### Exercise instructions
Return every line from the one with "(\<exists>i<m. is_nearest a" through the one with "(\<forall>k<m. is_nearest a", inclusive, exactly as it appears below.

***

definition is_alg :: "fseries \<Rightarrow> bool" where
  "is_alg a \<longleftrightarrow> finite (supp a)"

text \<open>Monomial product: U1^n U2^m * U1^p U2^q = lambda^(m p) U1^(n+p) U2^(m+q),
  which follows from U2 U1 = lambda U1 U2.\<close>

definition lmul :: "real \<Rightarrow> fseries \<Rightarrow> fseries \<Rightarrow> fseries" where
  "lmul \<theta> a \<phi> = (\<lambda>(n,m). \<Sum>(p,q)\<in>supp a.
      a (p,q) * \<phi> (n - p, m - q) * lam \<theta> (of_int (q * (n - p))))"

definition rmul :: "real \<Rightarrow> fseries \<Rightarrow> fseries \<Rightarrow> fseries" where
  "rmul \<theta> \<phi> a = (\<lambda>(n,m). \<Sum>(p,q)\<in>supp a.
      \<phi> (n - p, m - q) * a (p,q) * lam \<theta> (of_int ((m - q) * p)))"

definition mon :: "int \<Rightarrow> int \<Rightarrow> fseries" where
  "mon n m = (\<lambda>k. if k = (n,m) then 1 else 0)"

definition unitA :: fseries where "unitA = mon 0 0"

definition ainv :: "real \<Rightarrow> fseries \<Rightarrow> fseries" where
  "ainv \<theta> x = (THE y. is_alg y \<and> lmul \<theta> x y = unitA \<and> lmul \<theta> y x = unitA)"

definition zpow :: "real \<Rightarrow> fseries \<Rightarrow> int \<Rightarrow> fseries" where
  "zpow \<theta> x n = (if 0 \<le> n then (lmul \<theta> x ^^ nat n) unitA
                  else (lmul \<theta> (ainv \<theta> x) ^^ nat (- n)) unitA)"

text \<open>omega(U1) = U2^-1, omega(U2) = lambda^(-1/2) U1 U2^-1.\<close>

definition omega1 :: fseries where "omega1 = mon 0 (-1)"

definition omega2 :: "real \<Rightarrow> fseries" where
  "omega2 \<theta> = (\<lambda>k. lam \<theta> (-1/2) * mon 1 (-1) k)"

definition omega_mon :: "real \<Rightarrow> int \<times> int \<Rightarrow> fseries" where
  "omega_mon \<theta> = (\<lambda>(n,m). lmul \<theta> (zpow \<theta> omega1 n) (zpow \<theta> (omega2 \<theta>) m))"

***

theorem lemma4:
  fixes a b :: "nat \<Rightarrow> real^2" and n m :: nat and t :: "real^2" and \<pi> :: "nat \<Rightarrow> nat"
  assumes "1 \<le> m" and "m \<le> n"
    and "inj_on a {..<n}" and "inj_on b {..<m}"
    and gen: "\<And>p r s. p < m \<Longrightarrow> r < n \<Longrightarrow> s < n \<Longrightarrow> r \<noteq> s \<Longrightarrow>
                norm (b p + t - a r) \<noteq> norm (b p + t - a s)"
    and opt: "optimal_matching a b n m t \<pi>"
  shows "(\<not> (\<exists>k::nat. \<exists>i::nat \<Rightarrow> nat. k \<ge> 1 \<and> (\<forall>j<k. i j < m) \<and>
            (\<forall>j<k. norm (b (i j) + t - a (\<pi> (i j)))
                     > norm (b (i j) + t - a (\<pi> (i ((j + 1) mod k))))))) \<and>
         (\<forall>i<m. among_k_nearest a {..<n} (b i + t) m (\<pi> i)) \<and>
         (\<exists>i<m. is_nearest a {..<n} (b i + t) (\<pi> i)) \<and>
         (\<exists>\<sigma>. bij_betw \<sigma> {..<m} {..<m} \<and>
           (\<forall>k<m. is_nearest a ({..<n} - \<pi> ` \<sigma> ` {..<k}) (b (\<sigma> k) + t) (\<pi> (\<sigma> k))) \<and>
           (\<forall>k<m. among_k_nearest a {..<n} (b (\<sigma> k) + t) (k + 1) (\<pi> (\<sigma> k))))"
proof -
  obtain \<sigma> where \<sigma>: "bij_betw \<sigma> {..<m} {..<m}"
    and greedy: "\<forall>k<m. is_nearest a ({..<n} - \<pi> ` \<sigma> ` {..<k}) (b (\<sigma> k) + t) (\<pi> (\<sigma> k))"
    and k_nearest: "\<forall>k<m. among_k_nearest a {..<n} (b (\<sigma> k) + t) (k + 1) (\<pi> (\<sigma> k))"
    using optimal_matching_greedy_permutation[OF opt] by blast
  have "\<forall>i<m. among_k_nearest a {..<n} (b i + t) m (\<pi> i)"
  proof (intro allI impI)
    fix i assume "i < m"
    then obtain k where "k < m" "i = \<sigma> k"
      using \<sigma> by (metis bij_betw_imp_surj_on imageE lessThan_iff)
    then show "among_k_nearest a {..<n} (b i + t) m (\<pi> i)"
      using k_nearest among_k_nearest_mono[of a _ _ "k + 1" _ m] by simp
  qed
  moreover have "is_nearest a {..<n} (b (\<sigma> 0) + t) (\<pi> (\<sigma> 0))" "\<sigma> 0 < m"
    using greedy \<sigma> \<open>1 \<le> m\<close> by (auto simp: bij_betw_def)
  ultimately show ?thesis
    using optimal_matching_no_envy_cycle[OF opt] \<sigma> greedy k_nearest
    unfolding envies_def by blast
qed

***

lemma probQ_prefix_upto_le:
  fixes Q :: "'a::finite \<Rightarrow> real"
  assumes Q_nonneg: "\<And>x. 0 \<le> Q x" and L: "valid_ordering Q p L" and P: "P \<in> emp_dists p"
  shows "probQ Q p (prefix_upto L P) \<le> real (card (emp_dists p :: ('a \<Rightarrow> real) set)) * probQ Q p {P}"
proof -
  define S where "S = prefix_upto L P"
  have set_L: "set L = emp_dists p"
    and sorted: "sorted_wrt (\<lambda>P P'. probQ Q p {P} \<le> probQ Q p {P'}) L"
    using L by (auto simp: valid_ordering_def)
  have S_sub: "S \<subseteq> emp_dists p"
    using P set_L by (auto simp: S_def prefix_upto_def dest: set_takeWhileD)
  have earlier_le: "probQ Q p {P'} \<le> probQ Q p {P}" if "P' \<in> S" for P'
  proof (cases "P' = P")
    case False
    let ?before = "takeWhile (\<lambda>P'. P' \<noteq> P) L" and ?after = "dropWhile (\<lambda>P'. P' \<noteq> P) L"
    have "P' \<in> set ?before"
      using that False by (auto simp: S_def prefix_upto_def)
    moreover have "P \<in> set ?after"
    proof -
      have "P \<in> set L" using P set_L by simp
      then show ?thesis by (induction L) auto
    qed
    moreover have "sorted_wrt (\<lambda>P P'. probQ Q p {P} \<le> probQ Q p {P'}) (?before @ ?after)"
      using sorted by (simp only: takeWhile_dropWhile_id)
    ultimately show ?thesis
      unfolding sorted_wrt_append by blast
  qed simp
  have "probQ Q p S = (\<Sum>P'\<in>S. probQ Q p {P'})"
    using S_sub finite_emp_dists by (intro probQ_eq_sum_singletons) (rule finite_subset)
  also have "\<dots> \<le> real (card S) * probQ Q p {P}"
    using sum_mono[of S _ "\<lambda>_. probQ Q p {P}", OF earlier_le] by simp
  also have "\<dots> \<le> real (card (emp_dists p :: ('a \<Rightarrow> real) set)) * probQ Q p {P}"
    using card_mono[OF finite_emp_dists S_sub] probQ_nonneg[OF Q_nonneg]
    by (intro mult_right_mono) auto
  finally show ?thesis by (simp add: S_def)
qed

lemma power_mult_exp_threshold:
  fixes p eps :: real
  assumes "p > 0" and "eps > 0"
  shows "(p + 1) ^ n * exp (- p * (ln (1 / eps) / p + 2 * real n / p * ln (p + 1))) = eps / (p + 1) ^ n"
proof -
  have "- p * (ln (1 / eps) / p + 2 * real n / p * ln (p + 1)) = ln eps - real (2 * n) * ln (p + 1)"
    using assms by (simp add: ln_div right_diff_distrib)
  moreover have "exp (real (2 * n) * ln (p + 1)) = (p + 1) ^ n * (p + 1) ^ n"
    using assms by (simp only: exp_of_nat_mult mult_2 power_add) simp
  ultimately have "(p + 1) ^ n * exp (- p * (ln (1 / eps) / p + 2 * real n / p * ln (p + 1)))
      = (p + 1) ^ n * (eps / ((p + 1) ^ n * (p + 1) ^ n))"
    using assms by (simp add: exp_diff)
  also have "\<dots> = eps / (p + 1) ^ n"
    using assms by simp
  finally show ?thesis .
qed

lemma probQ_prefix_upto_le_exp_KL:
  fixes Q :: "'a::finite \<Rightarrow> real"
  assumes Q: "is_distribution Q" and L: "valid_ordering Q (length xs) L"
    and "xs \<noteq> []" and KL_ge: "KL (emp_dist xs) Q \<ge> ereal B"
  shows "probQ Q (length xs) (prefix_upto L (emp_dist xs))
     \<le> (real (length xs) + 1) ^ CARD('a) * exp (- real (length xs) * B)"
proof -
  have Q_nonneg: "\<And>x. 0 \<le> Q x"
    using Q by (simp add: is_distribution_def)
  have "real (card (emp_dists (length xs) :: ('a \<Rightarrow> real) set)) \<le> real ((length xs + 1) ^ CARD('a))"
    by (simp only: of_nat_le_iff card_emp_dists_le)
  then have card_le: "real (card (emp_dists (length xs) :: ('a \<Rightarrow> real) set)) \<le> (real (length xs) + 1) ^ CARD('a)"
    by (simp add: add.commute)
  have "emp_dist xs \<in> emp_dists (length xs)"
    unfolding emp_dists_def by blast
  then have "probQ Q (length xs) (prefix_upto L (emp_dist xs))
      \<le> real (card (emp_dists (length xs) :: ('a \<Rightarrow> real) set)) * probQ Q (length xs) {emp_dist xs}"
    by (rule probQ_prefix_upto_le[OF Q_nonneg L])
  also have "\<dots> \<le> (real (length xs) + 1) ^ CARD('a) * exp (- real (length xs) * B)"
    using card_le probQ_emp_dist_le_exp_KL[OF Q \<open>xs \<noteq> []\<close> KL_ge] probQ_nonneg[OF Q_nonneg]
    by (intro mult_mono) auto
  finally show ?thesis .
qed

***

### Task output
         (\<exists>i<m. is_nearest a {..<n} (b i + t) (\<pi> i)) \<and>
         (\<exists>\<sigma>. bij_betw \<sigma> {..<m} {..<m} \<and>
           (\<forall>k<m. is_nearest a ({..<n} - \<pi> ` \<sigma> ` {..<k}) (b (\<sigma> k) + t) (\<pi> (\<sigma> k))) \<and>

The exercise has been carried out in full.